lemma stationary_max_atoms_invariant:
  assumes stat: "stationary_measure k f p m"
    and bij: "\<forall>i<k. bij_betw (f i) (sphere 0 1) (sphere 0 1)"
    and p: "\<forall>i<k. 0 < p i" "(\<Sum>i<k. p i) = 1"
    and max: "\<forall>y\<in>sphere 0 1. measure m {y} \<le> c"
    and fin: "finite {y \<in> sphere 0 1. measure m {y} = c}" (is "finite ?A")
    and "i < k"
  shows "f i ` ?A \<subseteq> ?A"
proof -
  let ?g = "\<lambda>j. the_inv_into (sphere 0 1) (f j)"
  have g_sphere: "bij_betw (?g j) (sphere 0 1) (sphere 0 1)" if "j < k" for j
    using bij that by (simp add: bij_betw_the_inv_into)
  have "?g i ` ?A \<subseteq> ?A"
  proof (rule image_subsetI)
    fix y assume "y \<in> ?A"
    then have y: "y \<in> sphere 0 1" and "measure m {y} = c" by auto
    then have "(\<Sum>j<k. p j * measure m {?g j y}) = c"
      using stationary_measure_atom[OF stat bij _ y] p by (simp add: less_imp_le)
    moreover have g_y: "?g j y \<in> sphere 0 1" if "j < k" for j
      using g_sphere[OF that] y by (rule bij_betw_apply)
    ultimately have "measure m {?g i y} = c"
      using convex_combination_eq_max[of "{..<k}" p "\<lambda>j. measure m {?g j y}" c i] max p g_y \<open>i < k\<close>
      by simp
    with g_y[OF \<open>i < k\<close>] show "?g i y \<in> ?A"
      by simp
  qed
  moreover have "inj_on (?g i) ?A"
    using bij_betw_imp_inj_on[OF g_sphere[OF \<open>i < k\<close>]] by (rule inj_on_subset) blast
  ultimately have "?g i ` ?A = ?A"
    by (intro endo_inj_surj[OF fin])
  then have "f i ` ?A = (\<lambda>y. f i (?g i y)) ` ?A"
    by (metis image_image)
  also have "\<dots> = ?A"
  proof -
    have "f i (?g i y) = y" if "y \<in> sphere 0 1" for y
      using f_the_inv_into_f_bij_betw[of "f i"] bij \<open>i < k\<close> that by blast
    then have "(\<lambda>y. f i (?g i y)) ` ?A = id ` ?A"
      by (intro image_cong) auto
    then show ?thesis
      by simp
  qed
  finally show ?thesis by simp
qed

lemma minimal_ifs_invariant_closed:
  assumes "minimal_ifs k f" and "closed A" and "A \<subseteq> sphere 0 1" and "A \<noteq> {}"
    and invariant: "\<forall>i<k. f i ` A \<subseteq> A"
  shows "sphere 0 1 \<subseteq> A"
proof -
  obtain x where x: "x \<in> A" using \<open>A \<noteq> {}\<close> by blast
  with \<open>A \<subseteq> sphere 0 1\<close> have "x \<in> sphere 0 1" ..
  then obtain idx where idx: "\<forall>j. idx j < k" "sphere 0 1 \<subseteq> closure (range (ifs_orbit f idx x))"
    using \<open>minimal_ifs k f\<close> unfolding minimal_ifs_def by blast
  have "ifs_orbit f idx x j \<in> A" for j
  proof (induction j)
    case (Suc j)
    then show ?case using idx(1) invariant by (simp add: image_subset_iff)
  qed (use x in simp)
  then have "closure (range (ifs_orbit f idx x)) \<subseteq> A"
    using \<open>closed A\<close> by (intro closure_minimal) blast+
  with idx(2) show ?thesis by blast
qed

theorem stationary_measure_no_atoms:
  fixes f :: "nat \<Rightarrow> 'a::euclidean_space \<Rightarrow> 'a"
  assumes "DIM('a) \<ge> 2"
    and bij: "\<forall>i<k. bij_betw (f i) (sphere 0 1) (sphere 0 1)"
    and "minimal_ifs k f"
    and p: "\<forall>i<k. 0 < p i" "(\<Sum>i<k. p i) = 1"
    and stat: "stationary_measure k f p m"
  shows "emeasure m {x} = 0"
proof (rule ccontr)
  assume "emeasure m {x} \<noteq> 0"
  interpret prob_space m
    using stat by (simp add: stationary_measure_def)
  note space = stationary_measure_space[OF stat]
  have "{x} \<in> events"
    using \<open>emeasure m {x} \<noteq> 0\<close> emeasure_notin_sets by blast
  then have x: "x \<in> space m" "0 < measure m {x}"
    using \<open>emeasure m {x} \<noteq> 0\<close> sets.sets_into_space
    by (auto simp: emeasure_eq_measure zero_less_measure_iff)
  obtain c where max: "\<forall>y\<in>sphere 0 1. measure m {y} \<le> c"
    and fin: "finite {y \<in> sphere 0 1. measure m {y} = c}"
    and nonempty: "{y \<in> sphere 0 1. measure m {y} = c} \<noteq> {}"
    using finite_measure_max_atom[OF finite_measure_axioms space(2) x] unfolding space(1) by blast
  have "sphere 0 1 \<subseteq> {y \<in> sphere 0 1. measure m {y} = c}"
  proof (rule minimal_ifs_invariant_closed[OF \<open>minimal_ifs k f\<close> finite_imp_closed[OF fin] _ nonempty])
    show "\<forall>i<k. f i ` {y \<in> sphere 0 1. measure m {y} = c} \<subseteq> {y \<in> sphere 0 1. measure m {y} = c}"
      using stationary_max_atoms_invariant[OF stat bij p max fin] by blast
  qed blast
  with fin have "finite (sphere (0::'a) 1)"
    by (rule finite_subset[rotated])
  with infinite_sphere[OF \<open>DIM('a) \<ge> 2\<close>] show False
    by simp
qed

theorem lemma3p4:
  fixes f :: "nat \<Rightarrow> 'a::euclidean_space \<Rightarrow> 'a"
    and k :: nat and p :: "nat \<Rightarrow> real" and m :: "'a measure" and P0 Q0 :: 'a
  assumes "DIM('a) \<ge> 2"
    and "k \<ge> 2"
    and "\<forall>i<k. sphere_diffeo (f i)"
    and "minimal_ifs k f"
    and "north_south (f 0) P0 Q0"
    and "\<forall>i<k. 0 < p i \<and> p i < 1"
    and "(\<Sum>i<k. p i) = 1"
    and "stationary_measure k f p m"
  shows "emeasure m {P0} = 0"
proof (rule stationary_measure_no_atoms[OF assms(1) _ assms(4) _ assms(7,8)])
  show "\<forall>i<k. bij_betw (f i) (sphere 0 1) (sphere 0 1)"
    using assms(3) by (simp add: sphere_diffeo_def bij_betw_def)
  show "\<forall>i<k. 0 < p i"
    using assms(6) by simp
qed

end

#### AIM OF THE TASK:
Whatever else the listing above holds, retype exactly only the lines from the one containing "with idx(2) show ?thesis by blast" to the one containing "proof (rule minimal_ifs_invariant_closed[OF", both ends kept.

#### EXERCISE SOLUTION:
  with idx(2) show ?thesis by blast
qed

theorem stationary_measure_no_atoms:
  fixes f :: "nat \<Rightarrow> 'a::euclidean_space \<Rightarrow> 'a"
  assumes "DIM('a) \<ge> 2"
    and bij: "\<forall>i<k. bij_betw (f i) (sphere 0 1) (sphere 0 1)"
    and "minimal_ifs k f"
    and p: "\<forall>i<k. 0 < p i" "(\<Sum>i<k. p i) = 1"
    and stat: "stationary_measure k f p m"
  shows "emeasure m {x} = 0"
proof (rule ccontr)
  assume "emeasure m {x} \<noteq> 0"
  interpret prob_space m
    using stat by (simp add: stationary_measure_def)
  note space = stationary_measure_space[OF stat]
  have "{x} \<in> events"
    using \<open>emeasure m {x} \<noteq> 0\<close> emeasure_notin_sets by blast
  then have x: "x \<in> space m" "0 < measure m {x}"
    using \<open>emeasure m {x} \<noteq> 0\<close> sets.sets_into_space
    by (auto simp: emeasure_eq_measure zero_less_measure_iff)
  obtain c where max: "\<forall>y\<in>sphere 0 1. measure m {y} \<le> c"
    and fin: "finite {y \<in> sphere 0 1. measure m {y} = c}"
    and nonempty: "{y \<in> sphere 0 1. measure m {y} = c} \<noteq> {}"
    using finite_measure_max_atom[OF finite_measure_axioms space(2) x] unfolding space(1) by blast
  have "sphere 0 1 \<subseteq> {y \<in> sphere 0 1. measure m {y} = c}"
  proof (rule minimal_ifs_invariant_closed[OF \<open>minimal_ifs k f\<close> finite_imp_closed[OF fin] _ nonempty])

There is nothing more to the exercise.